Secondly, we built an evaluator that would assert the correctness of the finalized results.  This check involved three things: 1) did we lose any emails?  2) did we lose any users?  and 3) are the users and emails listed exactly once each?


 1
 2
 3
 4
 5
 6
 7
 8
 9
10
11
12
13
14
15
16
17
18
19
20
21
22
23
24
25
26
27
28
29
30
31
32
33
34
35
36
37
38
39
40
41
42
43
44
45
46
47
def assert_correctness(users, correct_num_users, correct_num_emails):
    """Assert the correctness of the deduplication process
       :param: users is the deduplicated dictionary of users to assert correctness
       :param: correct_num_users is the expected number of unique users
       :param: correct_num_emails is the expected number of unique emails

       returns None -- output result is printed here instead

       Explanation: A dictionary of users is deduplicated if the set of unique users and emails found throughout
       the dictionary amount to the same amount of users we started with.  This ensures we did not lose any information.
       Second, we require that no email found in any user is found in any other user.  This ensures that the dupication
       clause is correct.
    """

    #Test of the Loss of Data Clause
    set_users = set([])
    set_emails = set([])
    for key in users:
        for item in key:
            set_users.add(item)
        for val in users[key]:
            set_emails.add(val)


    #Test the duplication clause
    violations_found = 0
    already_probed = {}
    for user in users:
        for other_user in users:
            if not user == other_user and not already_probed.get((user, other_user), False):
                already_probed[(user,other_user)] = True
                if len(set(list(users[user])).intersection(set(list(users[other_user])))) > 0:
                    violations_found += 1


    #Pretty print deduplicated users
    print "\n--((List of Deduplicated Users))--"
    print " -- Num Users:  " + str(len(set_users))
    print " -- Num Emails: " + str(len(set_emails))
    pretty_print_dict(users)


    #Print out report
    print "\n--((Assertion Evaluation))--"
    print " -- Users look unique and correct!" if len(set_users) == correct_num_users else " -- These users don't look right."
    print " -- Emails look unique and correct!" if len(set_emails) == correct_num_emails else " -- These emails don't look right."
    print " -- Duplication Violations found: " + str(violations_found)

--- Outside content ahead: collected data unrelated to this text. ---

lemma cprov_family:
  assumes "\<And>j. j < J \<Longrightarrow> cprov (Q j)"
  obtains Ns rts chs sqs lbs cps where "\<And>j. j < J \<Longrightarrow>
    preproof (Ns j) (rts j) (chs j) (sqs j) (lbs j) (cps j) \<and>
    global_trace_condition (Ns j) (chs j) (sqs j) (lbs j) (cps j) \<and> sqs j (rts j) = Q j"
proof -
  define ok where "ok j t \<longleftrightarrow> (case t of (N, rt, ch, sq, lb, cp) \<Rightarrow>
      preproof N rt ch sq lb cp \<and> global_trace_condition N ch sq lb cp \<and> sq rt = Q j)" for j t
  have "\<exists>t. ok j t" if "j < J" for j
  proof -
    from assms[OF that] obtain N rt ch sq lb cp where
      "preproof N rt ch sq lb cp" "global_trace_condition N ch sq lb cp" "sq rt = Q j"
      unfolding cprov_def by blast
    then show ?thesis by (intro exI[of _ "(N, rt, ch, sq, lb, cp)"]) (simp add: ok_def)
  qed
  then obtain T where T: "\<And>j. j < J \<Longrightarrow> ok j (T j)" by metis
  show ?thesis
  proof (rule that)
    fix j assume "j < J"
    with T[OF this] show "preproof (fst (T j)) (fst (snd (T j))) (fst (snd (snd (T j))))
        (fst (snd (snd (snd (T j))))) (fst (snd (snd (snd (snd (T j)))))) (snd (snd (snd (snd (snd (T j)))))) \<and>
      global_trace_condition (fst (T j)) (fst (snd (snd (T j)))) (fst (snd (snd (snd (T j)))))
        (fst (snd (snd (snd (snd (T j)))))) (snd (snd (snd (snd (snd (T j)))))) \<and>
      fst (snd (snd (snd (T j)))) (fst (snd (T j))) = Q j"
      by (cases "T j" rule: prod_cases6) (simp add: ok_def)
  qed
qed

lemma glued_preproof_rule:
  assumes rule: "cinst r S Ps"
    and subproofs: "\<And>j. j < length Ps \<Longrightarrow> preproof (Ns j) (rts j) (chs j) (sqs j) (lbs j) (cps j) \<and>
      global_trace_condition (Ns j) (chs j) (sqs j) (lbs j) (cps j) \<and> sqs j (rts j) = Ps ! j"
  shows "glued_preproof 1 (length Ps) Ns rts chs sqs lbs cps
    (\<lambda>n. if n = 0 then map (\<lambda>j. sub_node 1 j (rts j)) [0..<length Ps] else []) (\<lambda>_. S) (\<lambda>_. r) (\<lambda>_. None)"
    (is "glued_preproof _ _ _ _ _ _ _ _ ?chT _ _ _")
proof
  show "0 < (1::nat)" by simp
  show "preproof (Ns j) (rts j) (chs j) (sqs j) (lbs j) (cps j) \<and>
      global_trace_condition (Ns j) (chs j) (sqs j) (lbs j) (cps j)" if "j < length Ps" for j
    using subproofs[OF that] by blast
  show "c < 1 \<or> (\<exists>j<length Ps. c = sub_node 1 j (rts j))" if "n < 1" "c \<in> set (?chT n)" for n c
    using that by auto
  show "distinct (?chT n)" if "n < 1" for n
    by (auto simp: distinct_map inj_on_def)
  show "0 \<notin> set (?chT n)" if "n < 1" for n
    by (auto simp: sub_node_def)
  show "\<exists>!n. n < 1 \<and> m \<in> set (?chT n)" if "m < 1" "m \<noteq> 0" for m
    using that by simp
  show "\<exists>!n. n < 1 \<and> sub_node 1 j (rts j) \<in> set (?chT n)" if "j < length Ps" for j
    using that by (intro ex1I[of _ 0]) auto
  show "(0, m) \<in> {(n, m). n < 1 \<and> m < 1 \<and> m \<in> set (?chT n)}\<^sup>*" if "m < 1" for m
    using that by simp
  have no_top_edges: "{(n, m). n < (1::nat) \<and> m < 1 \<and> m \<in> set (?chT n)} = {}"
    by (auto simp: sub_node_def)
  show "acyclic {(n, m). n < (1::nat) \<and> m < 1 \<and> m \<in> set (?chT n)}"
    unfolding no_top_edges by (simp add: acyclic_def)
  have "map (glue_label 1 (\<lambda>_. S) sqs) (?chT 0) = map (\<lambda>j. Ps ! j) [0..<length Ps]"
    using subproofs by simp
  also have "\<dots> = Ps" by (rule map_nth)
  finally show "case None of Some c \<Rightarrow> ?chT n = [] \<and> c < 1 \<and> None = None \<and> ?chT c \<noteq> [] \<and> S = S
      | None \<Rightarrow> cinst r S (map (glue_label 1 (\<lambda>_. S) sqs) (?chT n))" if "n < 1" for n
    using that rule by simp
  show "\<exists>k0 \<tau>. (\<forall>k\<ge>k0. \<tau> k |\<in>| snd S \<and> tstep r (idx k) (\<tau> k) (\<tau> (Suc k))) \<and>
      (\<forall>m. \<exists>k\<ge>max m k0. progress r (idx k) (\<tau> k) (\<tau> (Suc k)))"
    if path: "\<And>k. f k < 1" "\<And>k. idx k < length (?chT (f k)) \<and> f (Suc k) = resolve (\<lambda>_. None) (?chT (f k) ! idx k)"
    for f idx
  proof -
    \<comment> \<open>a one-node skeleton without buds has no infinite path\<close>
    have "f 0 = 0" "f 1 = 0" using path(1)[of 0] path(1)[of 1] by auto
    with path(2)[of 0] have "sub_node 1 (idx 0) (rts (idx 0)) = 0" by (simp add: resolve_def)
    then show ?thesis using sub_node_ge[of 1 "idx 0" "rts (idx 0)"] by simp
  qed
qed

lemma cprov_rule:
  assumes "cinst r S Ps" and "\<And>Q. Q \<in> set Ps \<Longrightarrow> cprov Q"
  shows "cprov S"
proof -
  obtain Ns rts chs sqs lbs cps where "\<And>j. j < length Ps \<Longrightarrow>
      preproof (Ns j) (rts j) (chs j) (sqs j) (lbs j) (cps j) \<and>
      global_trace_condition (Ns j) (chs j) (sqs j) (lbs j) (cps j) \<and> sqs j (rts j) = Ps ! j"
    using cprov_family[of "length Ps" "\<lambda>j. Ps ! j"] assms(2) nth_mem by blast
  from glued_preproof.cprov_glued[OF glued_preproof_rule[OF assms(1) this]] show ?thesis by simp
qed

(* The cyclic derivation of \<chi> \<Rightarrow> [\<pi>\<^sup>*]\<chi> from \<chi> \<Rightarrow> [\<pi>]\<chi>, glued at node e to a proof of the
   weakened premise \<chi> \<Rightarrow> [\<pi>]\<chi>, [\<pi>][\<pi>\<^sup>*]\<chi>:
     0: \<chi> \<Rightarrow> [\<pi>\<^sup>*]\<chi>              (C-s) from 1 and 2
     1: \<chi> \<Rightarrow> \<chi>                  axiom
     2: \<chi> \<Rightarrow> [\<pi>][\<pi>\<^sup>*]\<chi>          cut on [\<pi>]\<chi> from e and 3
     3: [\<pi>]\<chi>, \<chi> \<Rightarrow> [\<pi>][\<pi>\<^sup>*]\<chi>    weakening from 4
     4: [\<pi>]\<chi> \<Rightarrow> [\<pi>][\<pi>\<^sup>*]\<chi>       ([]) from 5
     5: \<chi> \<Rightarrow> [\<pi>\<^sup>*]\<chi>              bud with companion 0
   The only infinite path in the skeleton is the cycle 0, 2, 3, 4, 0, ..., and the trace
   [\<pi>\<^sup>*]\<chi>, [\<pi>][\<pi>\<^sup>*]\<chi>, ..., [\<pi>\<^sup>*]\<chi> along it progresses at node 0. *)
definition star_children :: "nat \<Rightarrow> nat \<Rightarrow> nat list" where
  "star_children e n =
     (if n = 0 then [1, 2] else if n = 2 then [e, 3] else if n = 3 then [4] else if n = 4 then [5] else [])"
lemma lin_sweedler:
  assumes "bil F"
  shows "lin (sweedler F)"
proof -
  have add: "teq2 \<iota> \<iota> (\<Delta> (a + b)) (\<Delta> a @ \<Delta> b)" for a b
    using hopf by (simp add: hopf_algebra_def)
  have scale: "teq2 \<iota> \<iota> (\<Delta> (\<iota> c * a)) (map (\<lambda>(x, y). (\<iota> c * x, y)) (\<Delta> a))" for c a
    using hopf by (simp add: hopf_algebra_def)
  have "F (\<iota> c * x) y = c * F x y" for c x y
    using assms by (simp add: cbilin_def clin_def)
  then show ?thesis
    using teq2_sum_eq[OF add assms] teq2_sum_eq[OF scale assms]
    by (simp add: clin_def sweedler_def case_prod_unfold o_def flip: sum_list_const_mult)
qed

lemma sweedler_coassoc:
  assumes "ctrilin \<iota> \<iota> \<iota> (\<lambda>c. c) G"
  shows "sweedler (\<lambda>x y. sweedler (\<lambda>u v. G u v y) x) a = sweedler (\<lambda>x y. sweedler (G x) y) a"
proof -
  have "teq3 \<iota> \<iota> \<iota>
          (concat (map (\<lambda>(x, y). map (\<lambda>(u, v). (u, v, y)) (\<Delta> x)) (\<Delta> a)))
          (concat (map (\<lambda>(x, y). map (\<lambda>(u, v). (x, u, v)) (\<Delta> y)) (\<Delta> a)))"
    using hopf by (simp add: hopf_algebra_def)
  with assms show ?thesis
    unfolding teq3_def by (simp add: sweedler_def sum_list_map_concat o_def case_prod_unfold)
qed

lemma sweedler_flip:
  assumes "bil F"
  shows "sweedler F a = sweedler (\<lambda>x y. F y x) a"
proof -
  have "teq2 \<iota> \<iota> (\<Delta> a) (map prod.swap (\<Delta> a))"
    using cocom by (simp add: cocommutative_def)
  from teq2_sum_eq[OF this assms] show ?thesis
    by (simp add: sweedler_def o_def case_prod_unfold)
qed

lemma sweedler_mult:
  assumes "bil F"
  shows "sweedler F (a * b) = sweedler (\<lambda>x y. sweedler (\<lambda>u v. F (x * u) (y * v)) b) a"
proof -
  have "teq2 \<iota> \<iota> (\<Delta> (a * b)) (concat (map (\<lambda>(x, y). map (\<lambda>(u, v). (x * u, y * v)) (\<Delta> b)) (\<Delta> a)))"
    using hopf by (simp add: hopf_algebra_def)
  from teq2_sum_eq[OF this assms] show ?thesis
    by (simp add: sweedler_def sum_list_map_concat o_def case_prod_unfold)
qed

lemma sweedler_commute:
  "sweedler (\<lambda>x y. sweedler (G x y) c) a = sweedler (\<lambda>u v. sweedler (\<lambda>x y. G x y u v) a) c"
  unfolding sweedler_def case_prod_unfold by (rule sum_list_map_commute)

lemma lin_sweedler_param: "(\<And>u v. lin (\<lambda>x. G x u v)) \<Longrightarrow> lin (\<lambda>x. sweedler (G x) a)"
  unfolding sweedler_def case_prod_unfold by (rule clin_sum_list) auto


primrec coprod_iter :: "nat \<Rightarrow> 'm \<Rightarrow> 'm list list" where
  "coprod_iter 0 a = [[a]]"
| "coprod_iter (Suc n) a = concat (map (\<lambda>(x, y). map ((#) x) (coprod_iter n y)) (\<Delta> a))"

definition sweedler_iter :: "nat \<Rightarrow> ('m list \<Rightarrow> complex) \<Rightarrow> 'm \<Rightarrow> complex" where
  "sweedler_iter n F a = sum_list (map F (coprod_iter n a))"

lemma sweedler_iter_0 [simp]: "sweedler_iter 0 F = (\<lambda>a. F [a])"
  by (simp add: sweedler_iter_def fun_eq_iff)

lemma sweedler_iter_Suc: "sweedler_iter (Suc n) F = sweedler (\<lambda>x. sweedler_iter n (\<lambda>t. F (x # t)))"
  by (simp add: sweedler_iter_def sweedler_def sum_list_map_concat o_def case_prod_unfold fun_eq_iff)

lemma length_coprod_iter: "t \<in> set (coprod_iter n a) \<Longrightarrow> length t = Suc n"
  by (induction n arbitrary: t a) (auto simp: case_prod_unfold)

lemma sweedler_iter_cong:
  "(\<And>t. length t = Suc n \<Longrightarrow> F t = G t) \<Longrightarrow> sweedler_iter n F a = sweedler_iter n G a"
  unfolding sweedler_iter_def
  by (rule arg_cong[where f=sum_list], rule map_cong[OF refl]) (blast dest: length_coprod_iter)

lemma sweedler_iter_commute:
  "sweedler_iter n (\<lambda>t. sweedler (G t) c) = (\<lambda>a. sweedler (\<lambda>u v. sweedler_iter n (\<lambda>t. G t u v) a) c)"
  unfolding sweedler_def sweedler_iter_def case_prod_unfold by (rule ext sum_list_map_commute)+

lemma lin_sweedler_iter_param:
  "(\<And>t. length t = Suc n \<Longrightarrow> lin (\<lambda>x. G x t)) \<Longrightarrow> lin (\<lambda>x. sweedler_iter n (G x) a)"
  unfolding sweedler_iter_def by (rule clin_sum_list) (auto dest: length_coprod_iter)

definition multilin :: "nat \<Rightarrow> ('m list \<Rightarrow> complex) \<Rightarrow> bool" where
  "multilin n F \<longleftrightarrow> (\<forall>l j. length l = Suc n \<longrightarrow> j \<le> n \<longrightarrow> lin (\<lambda>x. F (l[j := x])))"

lemma multilinD: "multilin n F \<Longrightarrow> length l = Suc n \<Longrightarrow> j \<le> n \<Longrightarrow> lin (\<lambda>x. F (l[j := x]))"
  by (simp add: multilin_def)

lemma multilin_Cons: "multilin (Suc n) F \<Longrightarrow> multilin n (\<lambda>t. F (x # t))"
  unfolding multilin_def
proof (intro allI impI)
  fix l :: "'m list" and j
  assume "\<forall>l j. length l = Suc (Suc n) \<longrightarrow> j \<le> Suc n \<longrightarrow> lin (\<lambda>x. F (l[j := x]))"
    "length l = Suc n" "j \<le> n"
  then have "lin (\<lambda>y. F ((x # l)[Suc j := y]))" by (metis Suc_le_mono length_Cons)
  then show "lin (\<lambda>y. F (x # l[j := y]))" by simp
qed

lemma lin_Cons: "multilin (Suc n) F \<Longrightarrow> length t = Suc n \<Longrightarrow> lin (\<lambda>x. F (x # t))"
  using multilinD[of "Suc n" F "0 # t" 0] by simp

lemma multilin_sweedler_iter_param:
  "(\<And>s. multilin n (\<lambda>t. G t s)) \<Longrightarrow> multilin n (\<lambda>t. sweedler_iter m (G t) b)"
  unfolding multilin_def by (auto intro!: lin_sweedler_iter_param)

lemma lin_sweedler_iter: "multilin n F \<Longrightarrow> lin (sweedler_iter n F)"
proof (induction n arbitrary: F)
  case 0
  then show ?case using multilinD[of 0 F "[0]" 0] by simp
next
  case (Suc n)
  have "bil (\<lambda>x. sweedler_iter n (\<lambda>t. F (x # t)))"
    unfolding cbilin_def
    using Suc.IH[OF multilin_Cons[OF Suc.prems]] lin_sweedler_iter_param[of n "\<lambda>x t. F (x # t)"]
      lin_Cons[OF Suc.prems]
    by auto
  then show ?case unfolding sweedler_iter_Suc by (rule lin_sweedler)
qed

lemma bil_sweedler_iter_Cons: "multilin (Suc n) F \<Longrightarrow> bil (\<lambda>x. sweedler_iter n (\<lambda>t. F (x # t)))"
  unfolding cbilin_def
  using lin_sweedler_iter[OF multilin_Cons] lin_sweedler_iter_param[of n "\<lambda>x t. F (x # t)"] lin_Cons
  by blast

lemma bil_expand_at:
  assumes "multilin (Suc n) F" "length t = Suc n" "k \<le> n"
  shows "bil (\<lambda>u v. F (expand_at k u v t))"
proof -
  have "lin (\<lambda>x. F ((expand_at k 0 v t)[k := x]))" "lin (\<lambda>x. F ((expand_at k u 0 t)[Suc k := x]))" for u v
    by (rule multilinD[OF assms(1)], use assms in \<open>auto simp: length_expand_at\<close>)+
  moreover have "(\<lambda>x. F (expand_at k x v t)) = (\<lambda>x. F ((expand_at k 0 v t)[k := x]))"
    "(\<lambda>x. F (expand_at k u x t)) = (\<lambda>x. F ((expand_at k u 0 t)[Suc k := x]))" for u v
    by (intro ext; rule arg_cong[where f=F];
        metis assms(2,3) expand_at_update_fst expand_at_update_snd le_SucI)+
  ultimately show ?thesis
    unfolding cbilin_def by metis
qed

lemma sweedler_iter_expand:
  "multilin (Suc n) F \<Longrightarrow> k \<le> n \<Longrightarrow>
   sweedler_iter (Suc n) F a = sweedler_iter n (\<lambda>t. sweedler (\<lambda>u v. F (expand_at k u v t)) (t ! k)) a"
proof (induction n arbitrary: k F a)
  case 0
  then show ?case by (simp add: sweedler_iter_Suc expand_at_def)
next
  case (Suc m)
  show ?case
  proof (cases k)
    case 0
    define G where "G x u v = sweedler_iter m (\<lambda>t. F (x # u # t)) v" for x u v
    have "ctrilin \<iota> \<iota> \<iota> (\<lambda>c. c) G"
      unfolding ctrilin_def G_def
      using lin_Cons[OF Suc.prems(1)] lin_Cons[OF multilin_Cons[OF Suc.prems(1)]]
        lin_sweedler_iter[OF multilin_Cons[OF multilin_Cons[OF Suc.prems(1)]]]
      by (auto intro!: lin_sweedler_iter_param)
    then have "sweedler (\<lambda>x y. sweedler (\<lambda>u v. G x u v) y) a = sweedler (\<lambda>x y. sweedler (\<lambda>u v. G u v y) x) a"
      by (simp add: sweedler_coassoc)
    then show ?thesis
      by (simp add: sweedler_iter_Suc G_def expand_at_def 0 sweedler_iter_commute)
  next
    case (Suc k')
    with Suc.prems have "k' \<le> m" by simp
    then have "sweedler_iter (Suc m) (\<lambda>t. F (x # t)) =
        sweedler_iter m (\<lambda>t. sweedler (\<lambda>u v. F (x # expand_at k' u v t)) (t ! k'))" for x
      by (intro ext Suc.IH[OF multilin_Cons[OF Suc.prems(1)]])
    then show ?thesis
      by (simp add: sweedler_iter_Suc expand_at_Suc_Cons Suc)
  qed
qed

Thirdly, we wanted to test our algorithm on a variety of unbiased inputs, so we build a random generator that would construct random user and email sets.  This generator takes a few inputs, namely the number of users to generate and a probability function that describes the odds of having 1 - E emails in each user.  Additionally, a variety parameter was used to control the rate of collision of users having duplicated emails.


 1
 2
 3
 4
 5
 6
 7
 8
 9
10
11
12
13
14
15
16
17
18
19
20
21
22
23
24
25
26
27
28
def gen_random_users(N = 10, tiers = [0.70, 0.80, 0.90, 0.95, 0.98, 0.99, 0.999], V = 1):
    """generates a random dictionary of users and emails
       :param: N controls the number of users to be generated
       :param: tiers controls the probabilities of increasing numbers of emails per user
       :param: V controls the variety of the emails generated.  Higher V = less chance of duplicate

       returns users - a list of random users with random emails
    """

    users = {}
    set_emails = set([])
    variety = V*N/10
    for i in range(1,N+1):
        #gen random list of emails
        f = random.random()
        for t,tier in enumerate(tiers):
            if f < tier:
                n = t+1
                break
        emails = []
        for j in range(n):
            emails.append(random.randint(1,10+variety))
        emails = list(set(emails))
        emails = ['e'+str(e) for e in emails]
        for email in emails:
            set_emails.add(email)
        users[tuple(['u'+str(i),])] = emails
    return users, N, len(set_emails)



Comparing Brute Force to Graph Theory


Our Brute Force algorithm is O(N^3) and the Graph Theory approach is O(N^2).  Our Graph Theory approach should be much faster, right?  Indeed.  When run on the same set of users, we can see dramatic speeds.  For larger N, these speedups would be even faster.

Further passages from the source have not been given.